Kinda cool I guess, I'd rather be there myself in my Subaru.


----------



## cossie (Dec 19, 2010)

Luv scoobys but I have to love
my dads mk1 escort lol


----------



## emc7 (Jul 23, 2005)

SE US, where I am is expected to have a colder and wetter winter than usual. I think Europe is going to get it even worse.  Blame the Iceland volcanoes and buy snow shovels.


----------



## cossie (Dec 19, 2010)

Yer we have already had heavy snow and gatwick and heathrow airports were shut down for 3 days


----------



## dan3345 (Jan 27, 2010)

yeah I live in SoCal on the beach and for the last week in a half we have had 5 inches of rain and we are in a downpour right now. The streets are flooding! This weather is awesome, but so strange to have here. If we have it this bad Europe must be blizzard status.. lol


----------



## funlad3 (Oct 9, 2010)

It's just cold, typical, here in the Midwest. Near Chicago, the weather is perfectly predicatble or does something that no one thought was possible. 

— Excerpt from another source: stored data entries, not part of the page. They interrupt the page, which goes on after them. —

(* Let $(m_j)_{j=1}^{\infty}$ be a strictly increasing sequence of positive integers with $m_{j+1}\ge q\,m_j$ for all $j$, where $q\ge 2$. Let $A_j>0$, $B_j\in\mathbb{C}$ satisfy $A_j^2-|B_j|^2=1$ for all $j$, and assume $\sum_{j=1}^{\infty}\log(A_j^2+|B_j|^2)<\infty$. Then for almost every $t\in\mathbb{T}$ the limit $$\lim_{N\to\infty}\prod_{j=1}^{N}\begin{bmatrix} A_j & B_j e^{2\pi i m_j t}\\ \overline{B_j}e^{-2\pi i m_j t} & A_j\end{bmatrix}$$ (factors multiplied in increasing order of $j$ from left to right) exists in $\mathrm{SU}(1,1)$.
   Context: $\mathbb{T}=\mathbb{R}/\mathbb{Z}$ with Lebesgue measure. $\mathrm{SU}(1,1)=\{\begin{bmatrix} A & B\\ \overline{B} & \overline{A}\end{bmatrix}: A,B\in\mathbb{C},\ |A|^2-|B|^2=1\}$, with convergence understood with respect to the complete metric $\rho(G_1,G_2)=\log(1+\|G_1^{-1}G_2-I_2\|_{op})$ (equivalently, entrywise convergence within $\mathrm{SU}(1,1)$). *)

theory Defs
  imports "HOL-Analysis.Analysis"
begin

definition mat2 :: "complex \<Rightarrow> complex \<Rightarrow> complex \<Rightarrow> complex \<Rightarrow> complex^2^2" where
  "mat2 a b c d = vector [vector [a, b], vector [c, d]]"

definition SU11 :: "(complex^2^2) set" where
  "SU11 = {G. \<exists>A B. G = mat2 A B (cnj B) (cnj A) \<and> (cmod A)\<^sup>2 - (cmod B)\<^sup>2 = 1}"

definition factor :: "(nat \<Rightarrow> real) \<Rightarrow> (nat \<Rightarrow> complex) \<Rightarrow> (nat \<Rightarrow> nat) \<Rightarrow> nat \<Rightarrow> real \<Rightarrow> complex^2^2" where
  "factor A B m j t = mat2 (complex_of_real (A j)) (B j * exp (2 * pi * \<i> * of_nat (m j) * of_real t))
                           (cnj (B j) * exp (- (2 * pi * \<i> * of_nat (m j) * of_real t))) (complex_of_real (A j))"

fun partial_prod :: "(nat \<Rightarrow> real) \<Rightarrow> (nat \<Rightarrow> complex) \<Rightarrow> (nat \<Rightarrow> nat) \<Rightarrow> nat \<Rightarrow> real \<Rightarrow> complex^2^2" where
  "partial_prod A B m 0 t = mat 1"
| "partial_prod A B m (Suc N) t = partial_prod A B m N t ** factor A B m (Suc N) t"

end

theory Submission
  imports Defs
begin

text \<open>
  Write \<open>c\<^sub>j = B\<^sub>j / A\<^sub>j\<close> and \<open>e\<^sub>m(t) = exp (2 \<pi> i m t)\<close>. The \<open>N\<close>-th partial product is
  \<open>(A\<^sub>1 \<cdots> A\<^sub>N) [[a\<^sub>N, b\<^sub>N], [cnj b\<^sub>N, cnj a\<^sub>N]]\<close> for trigonometric polynomials \<open>a\<^sub>N\<close>, \<open>b\<^sub>N\<close>, and the
  next factor only adds frequencies shifted by \<open>\<plusminus>m\<^sub>N\<^sub>+\<^sub>1\<close>. As \<open>m\<^sub>N\<^sub>+\<^sub>1 \<ge> 2 m\<^sub>N\<close>, these lie outside the
  window \<open>(-m\<^sub>N, m\<^sub>N]\<close>, so \<open>a\<^sub>N\<close> and \<open>b\<^sub>N\<close> are the partial Fourier sums over the lacunary windows
  \<open>(-m\<^sub>N, m\<^sub>N]\<close> of two fixed \<open>L\<^sup>2\<close> functions, whose squared norms add up to \<open>\<Prod>(1 + |c\<^sub>j|\<^sup>2) < \<infinity>\<close>.

  Lacunary partial Fourier sums converge almost everywhere. The partial sum over \<open>(-n, n]\<close> is the
  average over an interval of length \<open>1/n\<close> plus a remainder. The averages are controlled by the
  weak type bound for the maximal function (Vitali covering), the remainders by a square function:
  their squared multipliers are \<open>O(min (|j|/n) (n/|j|))\<close>, which is summable along a lacunary
  sequence of \<open>n\<close>. Finally \<open>\<Prod>A\<^sub>j\<close> converges since \<open>\<Sum>log A\<^sub>j < \<infinity>\<close>, and the limit lies in \<open>SU(1,1)\<close>
  because \<open>|a|\<^sup>2 - |b|\<^sup>2 = 1\<close> passes to the limit.
\<close>

section \<open>Characters of the circle and trigonometric polynomials\<close>

definition circle_char :: "int \<Rightarrow> real \<Rightarrow> complex" where
  "circle_char j t = exp (2 * pi * \<i> * of_int j * of_real t)"

lemma circle_char_add: "circle_char (j + l) t = circle_char j t * circle_char l t"
  unfolding circle_char_def by (simp add: algebra_simps flip: exp_add)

Summer = hot; few thunderstorms... 

Winter = cold. very very cold. 5-10 big snowfalls... 

Fall = spring - thunderstorms and - 10-20 degrees... 

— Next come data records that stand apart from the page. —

lemma exists_short_monomial:
  fixes sc :: "'a::field_char_0 \<Rightarrow> 'b::ring \<Rightarrow> 'b"
  assumes A: "superalgebra sc G" "graded_linear_involutive sc G sh"
    and i: "i \<in> {1..4}" and X: "finite X" "in_group_algebra r X"
    and w: "distinct w" "Pair i ` X \<subseteq> set w" "fst ` set w \<subseteq> {1..4}"
    and nz: "\<not> vanishes_in sc G sh (act_type i r (monom_poly w))"
  shows "\<exists>t S w'. card X \<le> t i \<and> card X \<le> (\<Sum>j\<in>{1..4}. t j) \<and> (\<Sum>j\<in>{1..4}. t j) \<le> 2 * card X + 1 \<and>
    S \<subseteq> {1..t i} - X \<and> card S = t i - card X \<and>
    multilinear_in ({(j, k). j \<in> {1..4} \<and> j \<noteq> i \<and> k \<in> {1..t j}} \<union> {(i, k) | k. k \<in> X \<union> S}) w' \<and>
    \<not> vanishes_in sc G sh (act_type i r (monom_poly w'))"
proof -
  note m = superalgebra_module[OF A(1)]
  obtain s where s: "admissible_subst G sh s" "eval_poly sc (act_type i r (monom_poly w)) s \<noteq> 0"
    using nz by (auto simp: vanishes_in_def)
  define xs where "xs = map (entry_of i X s) w"
  have "entries_value sc r X i s xs \<noteq> 0"
    using s(2) by (simp add: xs_def entries_value_map_entry_of[OF m X])
  moreover have "\<forall>x\<in>set xs. admissible_entry G sh x"
    using w(3) admissible_entry_entry_of[OF s(1)] by (auto simp: xs_def)
  moreover have "\<exists>ja a jc c. admissible_entry G sh (Const ja a) \<and> admissible_entry G sh (Const jc c) \<and>
      b * b' = a + c"
    if "admissible_entry G sh (Const j b)" "admissible_entry G sh (Const j' b')" for j b j' b'
    using that type_part_mult_decomposition[OF A, of j j' b b'] by simp
  ultimately obtain xs' where xs': "\<forall>x\<in>set xs'. admissible_entry G sh x"
    "[q. Qvar q \<leftarrow> xs'] = [q. Qvar q \<leftarrow> xs]" "entries_value sc r X i s xs' \<noteq> 0" "no_adjacent_consts xs'"
    using exists_no_adjacent_consts[where \<Phi> = "entries_value sc r X i s", OF entries_value_merge entries_value_split[OF m]]
    by blast
  have Qvars: "[q. Qvar q \<leftarrow> xs'] = map snd (filter (\<lambda>v. fst v = i \<and> snd v \<in> X) w)"
    unfolding xs'(2) xs_def by (rule Qvars_map_entry_of)
  have distinct: "distinct [q. Qvar q \<leftarrow> xs']"
    unfolding Qvars using w(1) by (auto simp: distinct_map inj_on_def)
  moreover have set: "set [q. Qvar q \<leftarrow> xs'] = X"
    unfolding Qvars using w(2) by force
  ultimately have "card X = length [q. Qvar q \<leftarrow> xs']"
    by (metis distinct_card)
  then have bounds: "card X \<le> length xs'" "length xs' \<le> 2 * card X + 1"
    using length_Qvars_le length_le_if_no_adjacent_consts[OF xs'(4)] by simp_all
  obtain t S w' where "card X \<le> t i" "(\<Sum>j\<in>{1..4}. t j) = length xs'"
    "S \<subseteq> {1..t i} - X" "card S = t i - card X"
    "multilinear_in ({(j, k). j \<in> {1..4} \<and> j \<noteq> i \<and> k \<in> {1..t j}} \<union> {(i, k) | k. k \<in> X \<union> S}) w'"
    "\<not> vanishes_in sc G sh (act_type i r (monom_poly w'))"
    using exists_monomial_realizing_entries[OF m X i s(1) xs'(1) distinct set xs'(3)] by blast
  with bounds show ?thesis
    by (intro exI[of _ t] exI[of _ S] exI[of _ w']) simp
qed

Spring = 50-80 degrees. 10-15 big thunderstorms...


But then you'll get one of those freak occasions like this fall. Eighty one day, thirty five the next.


----------



## cossie (Dec 19, 2010)

Oh the snows stopped over here now but it set to come again tommorow.


----------



## funlad3 (Oct 9, 2010)

Drive safely! No pun intended...

Oh wait, you can't drive!!!  

*This is coming from the person who can't drive either....*

Again, go away Fairness To Both Sides Of The Argument!!!


----------



## cossie (Dec 19, 2010)

Lol I can drive but not on the roads lol.

My hobby is junior rallycross and next year hopefully going onto junior rallying


----------



## dan3345 (Jan 27, 2010)

cossie said:


> Lol I can drive but not on the roads lol.
> 
> My hobby is junior rallycross and next year hopefully going onto junior rallying


see thats just awesome.. I jelly.


----------



## cossie (Dec 19, 2010)

Lol it's the main ambition I've ever had


----------